There are 13 species of primates in Kibale National Park. The park protects several well-studied habituated communities of common chimpanzee, as well as several species of Central African monkey including the Uganda mangabey (Lophocebus ugandae), the Ugandan red colobus (Procolobus tephrosceles) and the L'Hoest's monkey. Other primates that are found in the park include the black-and-white colobus (Colobus guereza) and the blue monkey (Cercopithecus mitis). The park's population of elephants travels between the park and Queen Elizabeth National Park. Other terrestrial mammals that are found within Kibale National Park include red and blue duikers, bushbucks, sitatungas, bushpigs, giant forest hogs, common warthogs, and African buffalo. The carnivores that are present include leopards, African golden cats, servals, different mongooses and two species of otter. In addition, lions visit the park on occasion.

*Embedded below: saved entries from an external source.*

(* For every $\epsilon>0$ and every $m\in\mathbb N$ there exist $\delta>0$ and $n_0\in\mathbb N$ such that the following holds. If $n>n_0$ and $\sigma\in S_n$ has at most $n^{\delta}$ cycles of length $i$ for each $i<m$, then $E(\sigma)\le 1/m+\epsilon$.
   Context: For $\sigma\in S_n$ let $f_\sigma(i)$ be the number of $i$-cycles of $\sigma$ (fixed points are $1$-cycles). Define $e_1,\dots,e_n$ by $e_1+\cdots+e_k=\max\left(\frac{\log\left(\sum_{i=1}^k i f_\sigma(i)\right)}{\log n},0\right)$ for $1\le k\le n$ (with $\log 0=-\infty$), and set $E(\sigma)=\sum_{i=1}^n e_i/i$. *)

theory Defs
  imports "HOL-Analysis.Analysis" "HOL-Combinatorics.Combinatorics"
begin

text \<open>Permutations in S_n are functions sigma with sigma permutes {1..n}.
  The cycles of sigma are its orbits on {1..n} (fixed points give 1-cycles).\<close>

definition cycles_of :: "nat \<Rightarrow> (nat \<Rightarrow> nat) \<Rightarrow> nat set set" where
  "cycles_of n \<sigma> = (\<lambda>x. orbit \<sigma> x) ` {1..n}"

definition cyc_count :: "nat \<Rightarrow> (nat \<Rightarrow> nat) \<Rightarrow> nat \<Rightarrow> nat" where
  "cyc_count n \<sigma> i = card {C \<in> cycles_of n \<sigma>. card C = i}"

text \<open>Partial sums e_1 + ... + e_k = max(log(sum_{i=1}^k i f(i)) / log n, 0),
  with log 0 = -infinity (so the value is 0 when the inner sum is 0).\<close>
definition E_partial :: "nat \<Rightarrow> (nat \<Rightarrow> nat) \<Rightarrow> nat \<Rightarrow> real" where
  "E_partial n \<sigma> k =
     (let s = (\<Sum>i=1..k. i * cyc_count n \<sigma> i)
      in if s = 0 then 0 else max (ln (real s) / ln (real n)) 0)"

definition e_coef :: "nat \<Rightarrow> (nat \<Rightarrow> nat) \<Rightarrow> nat \<Rightarrow> real" where
  "e_coef n \<sigma> k = E_partial n \<sigma> k - E_partial n \<sigma> (k - 1)"

definition E_val :: "nat \<Rightarrow> (nat \<Rightarrow> nat) \<Rightarrow> real" where
  "E_val n \<sigma> = (\<Sum>i=1..n. e_coef n \<sigma> i / real i)"

end

theory Submission
  imports Defs "HOL-Real_Asymp.Real_Asymp"
begin

text \<open>Write \<open>a k = e\<^sub>1 + \<dots> + e\<^sub>k\<close>, so \<open>a k \<le> 1\<close> because the cycles of length at most \<open>k\<close>
  cover at most \<open>n\<close> points. If there are at most \<open>n\<^sup>\<delta>\<close> cycles of each length \<open>i < m\<close>, those
  cycles cover at most \<open>m\<^sup>2 n\<^sup>\<delta>\<close> points, so \<open>a k \<le> \<delta> + o(1)\<close> for \<open>k < m\<close>. Summation by parts gives
  \<open>E(\<sigma>) = a n / n + \<Sum>\<^sub>i\<^sub><\<^sub>n a i (1/i - 1/(i+1))\<close>, and the telescoping weights \<open>1/i - 1/(i+1)\<close> add up
  to \<open>1 - 1/m\<close> over \<open>i < m\<close>, and together with the boundary weight \<open>1/n\<close> to \<open>1/m\<close> over \<open>i \<ge> m\<close>. Hence \<open>E(\<sigma>) \<le> \<delta> + o(1) + 1/m\<close>.\<close>

lemma cycles_of_subset:
  assumes "\<sigma> permutes {1..n}" and "C \<in> cycles_of n \<sigma>"
  shows "C \<subseteq> {1..n}"
proof -
  obtain x where "x \<in> {1..n}" "C = orbit \<sigma> x"
    using assms(2) unfolding cycles_of_def by auto
  then show ?thesis using permutes_orbit_subset[OF assms(1)] by simp
qed

lemma cycles_of_disjoint:
  assumes "\<sigma> permutes {1..n}"
  shows "disjoint (cycles_of n \<sigma>)"
proof (rule pairwiseI)
  fix A B assume "A \<in> cycles_of n \<sigma>" "B \<in> cycles_of n \<sigma>" "A \<noteq> B"
  then obtain x z where A: "A = orbit \<sigma> x" and B: "B = orbit \<sigma> z"
    unfolding cycles_of_def by auto
  have cyclic: "\<And>x. cyclic_on \<sigma> (orbit \<sigma> x)"
    using cyclic_on_orbit[OF assms] by simp
  show "disjnt A B"
  proof (rule ccontr)
    assume "\<not> disjnt A B"
    then obtain y where "y \<in> A" "y \<in> B" unfolding disjnt_def by auto
    then have "orbit \<sigma> y = A" "orbit \<sigma> y = B"
      using orbit_cyclic_eq3[OF cyclic, of y x] orbit_cyclic_eq3[OF cyclic, of y z] A B
      by simp_all
    with \<open>A \<noteq> B\<close> show False by simp
  qed
qed

lemma weighted_cycle_count_le:
  assumes "\<sigma> permutes {1..n}"
  shows "(\<Sum>i=1..k. i * cyc_count n \<sigma> i) \<le> n"
proof -
  let ?Cy = "cycles_of n \<sigma>"
  let ?A = "{C \<in> ?Cy. card C \<in> {1..k}}"
  have fin: "finite ?Cy" unfolding cycles_of_def by simp
  have sub: "\<And>C. C \<in> ?Cy \<Longrightarrow> C \<subseteq> {1..n}"
    using cycles_of_subset[OF assms] .
  have "(\<Sum>i=1..k. i * cyc_count n \<sigma> i) = (\<Sum>i=1..k. \<Sum>C\<in>{C\<in>?A. card C = i}. card C)"
  proof (rule sum.cong[OF refl])
    fix i assume "i \<in> {1..k}"
    then have "{C\<in>?A. card C = i} = {C \<in> ?Cy. card C = i}" by auto
    then show "i * cyc_count n \<sigma> i = (\<Sum>C\<in>{C\<in>?A. card C = i}. card C)"
      unfolding cyc_count_def by simp
  qed
  also have "\<dots> = (\<Sum>C\<in>?A. card C)"
    by (rule sum.group) (use fin in auto)
  also have "\<dots> \<le> (\<Sum>C\<in>?Cy. card C)"
    by (rule sum_mono2[OF fin]) auto
  also have "\<dots> = card (\<Union>?Cy)"
    using card_Union_disjoint[OF cycles_of_disjoint[OF assms]] sub
    by (metis finite_atLeastAtMost finite_subset)
  also have "\<dots> \<le> card {1..n}"
    by (rule card_mono) (use sub in auto)
  finally show ?thesis by simp
qed

lemma E_partial_le_log_ratio:
  fixes b :: real
  assumes "n \<ge> 2" and "b \<ge> 1" and "real (\<Sum>i=1..k. i * cyc_count n \<sigma> i) \<le> b"
  shows "E_partial n \<sigma> k \<le> ln b / ln (real n)"
proof -
  define s where "s = (\<Sum>i=1..k. i * cyc_count n \<sigma> i)"
  have "ln (real n) > 0" and "ln b \<ge> 0" using assms(1,2) by simp_all
  moreover have "ln (real s) \<le> ln b" if "s \<noteq> 0"
    using that assms(2,3) unfolding s_def[symmetric] by simp
  ultimately show ?thesis
    unfolding E_partial_def s_def[symmetric] by (simp add: divide_right_mono)
qed

lemma E_partial_le_1:
  assumes "\<sigma> permutes {1..n}" and "n \<ge> 2"
  shows "E_partial n \<sigma> k \<le> 1"
proof -
  have weighted: "real (\<Sum>i=1..k. i * cyc_count n \<sigma> i) \<le> real n"
    using weighted_cycle_count_le[OF assms(1)] by (simp only: of_nat_le_iff)
  have "E_partial n \<sigma> k \<le> ln (real n) / ln (real n)"
    using E_partial_le_log_ratio[OF assms(2) _ weighted] assms(2) by simp
  then show ?thesis using assms(2) by simp
qed

lemma E_partial_le_if_few_short_cycles:
  assumes "n \<ge> 2" and "k < m" and "\<delta> \<ge> 0"
    and few: "\<forall>i<m. real (cyc_count n \<sigma> i) \<le> real n powr \<delta>"
  shows "E_partial n \<sigma> k \<le> \<delta> + 2 * ln (real m) / ln (real n)"
proof -
  have "real (\<Sum>i=1..k. i * cyc_count n \<sigma> i) = (\<Sum>i=1..k. real i * real (cyc_count n \<sigma> i))"
    by simp
  also have "\<dots> \<le> (\<Sum>i=1..k. real m * real n powr \<delta>)"
    using few assms(2) by (intro sum_mono mult_mono) auto
  also have "\<dots> \<le> real m * real m * real n powr \<delta>"
    using assms(2) by (simp add: mult_right_mono)
  finally have "real (\<Sum>i=1..k. i * cyc_count n \<sigma> i) \<le> real m * real m * real n powr \<delta>" .
  moreover have "1 \<le> real m * real m * real n powr \<delta>"
  proof -
    have "1 \<le> real m" using assms(2) by simp
    then have "1 \<le> real m * real m" using mult_mono[of 1 "real m" 1 "real m"] by simp
    moreover have "1 \<le> real n powr \<delta>" using assms(1,3) by (simp add: ge_one_powr_ge_zero)
    ultimately show ?thesis using mult_mono[of 1 "real m * real m" 1] by simp
  qed
  ultimately have "E_partial n \<sigma> k \<le> ln (real m * real m * real n powr \<delta>) / ln (real n)"
    using E_partial_le_log_ratio assms(1) by blast
  also have "\<dots> = \<delta> + 2 * ln (real m) / ln (real n)"
    using assms(1,2) by (simp add: ln_mult ln_powr field_simps)
  finally show ?thesis .
qed

lemma sum_increments_div_by_parts:
  fixes a :: "nat \<Rightarrow> real"
  assumes "a 0 = 0"
  shows "(\<Sum>i=1..N. (a i - a (i - 1)) / real i)
       = a N / real N + (\<Sum>i=1..<N. a i * (1 / real i - 1 / real (Suc i)))"
proof (induction N)
  case 0
  then show ?case using assms by simp
next
  case (Suc N)
  have "(\<Sum>i=1..Suc N. (a i - a (i - 1)) / real i)
      = a N / real N + (\<Sum>i=1..<N. a i * (1 / real i - 1 / real (Suc i)))
        + (a (Suc N) - a N) / real (Suc N)"
    using Suc.IH by simp
  also have "\<dots> = a (Suc N) / real (Suc N)
      + ((\<Sum>i=1..<N. a i * (1 / real i - 1 / real (Suc i))) + a N * (1 / real N - 1 / real (Suc N)))"
    by (simp add: diff_divide_distrib right_diff_distrib)
  also have "\<dots> = a (Suc N) / real (Suc N) + (\<Sum>i=1..<Suc N. a i * (1 / real i - 1 / real (Suc i)))"
    using assms by (cases "N = 0") simp_all
  finally show ?case .
qed

lemma sum_inverse_diff_telescope:
  assumes "p \<le> q"
  shows "(\<Sum>i=p..<q. 1 / real i - 1 / real (Suc i)) = 1 / real p - 1 / real q"
  using sum_Suc_diff'[OF assms, of "\<lambda>i. - 1 / real i"] by simp

lemma sum_increments_div_le:
  fixes a :: "nat \<Rightarrow> real" and B :: real
  assumes "a 0 = 0" and "1 \<le> m" and "m \<le> N"
    and short: "\<And>i. 1 \<le> i \<Longrightarrow> i < m \<Longrightarrow> a i \<le> B"
    and long: "\<And>i. m \<le> i \<Longrightarrow> i \<le> N \<Longrightarrow> a i \<le> 1"
  shows "(\<Sum>i=1..N. (a i - a (i - 1)) / real i) \<le> (1 - 1 / real m) * B + 1 / real m"
proof -
  define w where "w i = 1 / real i - 1 / real (Suc i)" for i
  have w_nonneg: "w i \<ge> 0" if "i \<ge> 1" for i
    using that unfolding w_def by (simp add: frac_le)
  have "(\<Sum>i=1..<m. a i * w i) \<le> (\<Sum>i=1..<m. B * w i)"
    using short w_nonneg by (intro sum_mono mult_right_mono) auto
  also have "\<dots> = B * (1 - 1 / real m)"
    using sum_inverse_diff_telescope[of 1 m] assms(2) by (simp add: w_def sum_distrib_left[symmetric])
  finally have low: "(\<Sum>i=1..<m. a i * w i) \<le> B * (1 - 1 / real m)" .
  have "(\<Sum>i=m..<N. a i * w i) \<le> (\<Sum>i=m..<N. w i)"
    using long w_nonneg assms(2) mult_right_mono[of "a _" 1 "w _"] by (intro sum_mono) auto
  also have "\<dots> = 1 / real m - 1 / real N"
    using sum_inverse_diff_telescope[OF assms(3)] by (simp add: w_def)
  finally have high: "(\<Sum>i=m..<N. a i * w i) \<le> 1 / real m - 1 / real N" .
  have last: "a N / real N \<le> 1 / real N"
    using long[of N] assms(3) by (simp add: divide_right_mono)
  have "(\<Sum>i=1..N. (a i - a (i - 1)) / real i) = a N / real N + (\<Sum>i=1..<N. a i * w i)"
    using sum_increments_div_by_parts[of a N, OF assms(1)] by (simp add: w_def)
  also have "\<dots> = a N / real N + (\<Sum>i=1..<m. a i * w i) + (\<Sum>i=m..<N. a i * w i)"
    using sum.atLeastLessThan_concat[of 1 m N "\<lambda>i. a i * w i"] assms(2,3) by simp
  also have "\<dots> \<le> (1 - 1 / real m) * B + 1 / real m"
    using low high last by (simp add: algebra_simps)
  finally show ?thesis .
qed

lemma eventually_log_ratio_small:
  fixes c \<epsilon> :: real
  assumes "\<epsilon> > 0"
  shows "eventually (\<lambda>n::nat. c / ln (real n) < \<epsilon>) sequentially"
proof -
  have "(\<lambda>n::nat. c / ln (real n)) \<longlonglongrightarrow> 0" by real_asymp
  then show ?thesis using assms by (rule order_tendstoD(2))
qed

theorem lemma2p6:
  fixes \<epsilon> :: real and m :: nat
  assumes "\<epsilon> > 0" and "m \<ge> 1"
  shows "\<exists>\<delta>::real. \<delta> > 0 \<and> (\<exists>n0::nat. \<forall>n::nat. \<forall>\<sigma>::nat \<Rightarrow> nat.
           n > n0 \<longrightarrow> \<sigma> permutes {1..n} \<longrightarrow>
           (\<forall>i<m. real (cyc_count n \<sigma> i) \<le> real n powr \<delta>) \<longrightarrow>
           E_val n \<sigma> \<le> 1 / real m + \<epsilon>)"
proof -
  have "eventually (\<lambda>n. 2 \<le> n \<and> m \<le> n \<and> 2 * ln (real m) / ln (real n) < \<epsilon> / 2) sequentially"
    using eventually_log_ratio_small[of "\<epsilon> / 2" "2 * ln (real m)"] assms(1)
    by (intro eventually_conj eventually_ge_at_top) auto
  then obtain n0 where n0: "\<And>n. n \<ge> n0 \<Longrightarrow> 2 \<le> n \<and> m \<le> n \<and> 2 * ln (real m) / ln (real n) < \<epsilon> / 2"
    unfolding eventually_sequentially by blast
  have "E_val n \<sigma> \<le> 1 / real m + \<epsilon>"
    if "n > n0" "\<sigma> permutes {1..n}" "\<forall>i<m. real (cyc_count n \<sigma> i) \<le> real n powr (\<epsilon> / 2)"
    for n \<sigma>
  proof -
    have n: "2 \<le> n" "m \<le> n" "2 * ln (real m) / ln (real n) < \<epsilon> / 2"
      using n0[of n] \<open>n > n0\<close> by auto
    have "E_val n \<sigma> = (\<Sum>i=1..n. (E_partial n \<sigma> i - E_partial n \<sigma> (i - 1)) / real i)"
      unfolding E_val_def e_coef_def ..
    also have "\<dots> \<le> (1 - 1 / real m) * \<epsilon> + 1 / real m"
    proof (rule sum_increments_div_le[OF _ assms(2) n(2)])
      show "E_partial n \<sigma> 0 = 0" by (simp add: E_partial_def)
      show "E_partial n \<sigma> i \<le> \<epsilon>" if "i < m" for i
        using E_partial_le_if_few_short_cycles[OF n(1) that _ \<open>\<forall>i<m. _\<close>] n(3) assms(1)
        by simp
      show "E_partial n \<sigma> i \<le> 1" for i
        using E_partial_le_1[OF that(2) n(1)] .
    qed
    also have "\<dots> \<le> 1 / real m + \<epsilon>"
      using assms by (simp add: algebra_simps)
    finally show ?thesis .
  qed
  then show ?thesis
    using assms(1) by (intro exI[of _ "\<epsilon> / 2"]) auto
qed

end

Bird life is also prolific. The park boasts 325 species of birds, including the olive long-tailed cuckoo, western tinkerbird, two species of pittas (African and green-breasted) and the grey parrot. The ground thrush (Turdus kibalensis) is endemic to Kibale National Park.

Tourism 
Kibale National Park is a popular destination for tourist to track the chimpanzees in Uganda. Chimpanzee tracking has taken place in the park since 1993, with successful tracking rates of 90%. Other popular tourism activities include the chimpanzee habituation exercise, nature walks and bird watching. Tourists visiting Kibale National Park make a 5 hours drive from Kampala to reach the park. The park is also connected by daily domestic flights from Kajjansi Airfield and Murchison Falls National Park, which land at Fort Portal Airstrip. The park offers a range of tented camps and safari lodges to accommodate visitors.

Primates

Primates are very common in Kibale National Forest. The forest has some of the highest abundances of species of primates in the area. There are many species of primates and these species persist in the less disturbed areas of the forest in their natural habitats. There are disturbances that are hindering some of these species.

Logging effects on primates
Logging effects have been studied specifically by a few people. Most studies find that logging seems to be having a negative effect on the species but there are some contradictions.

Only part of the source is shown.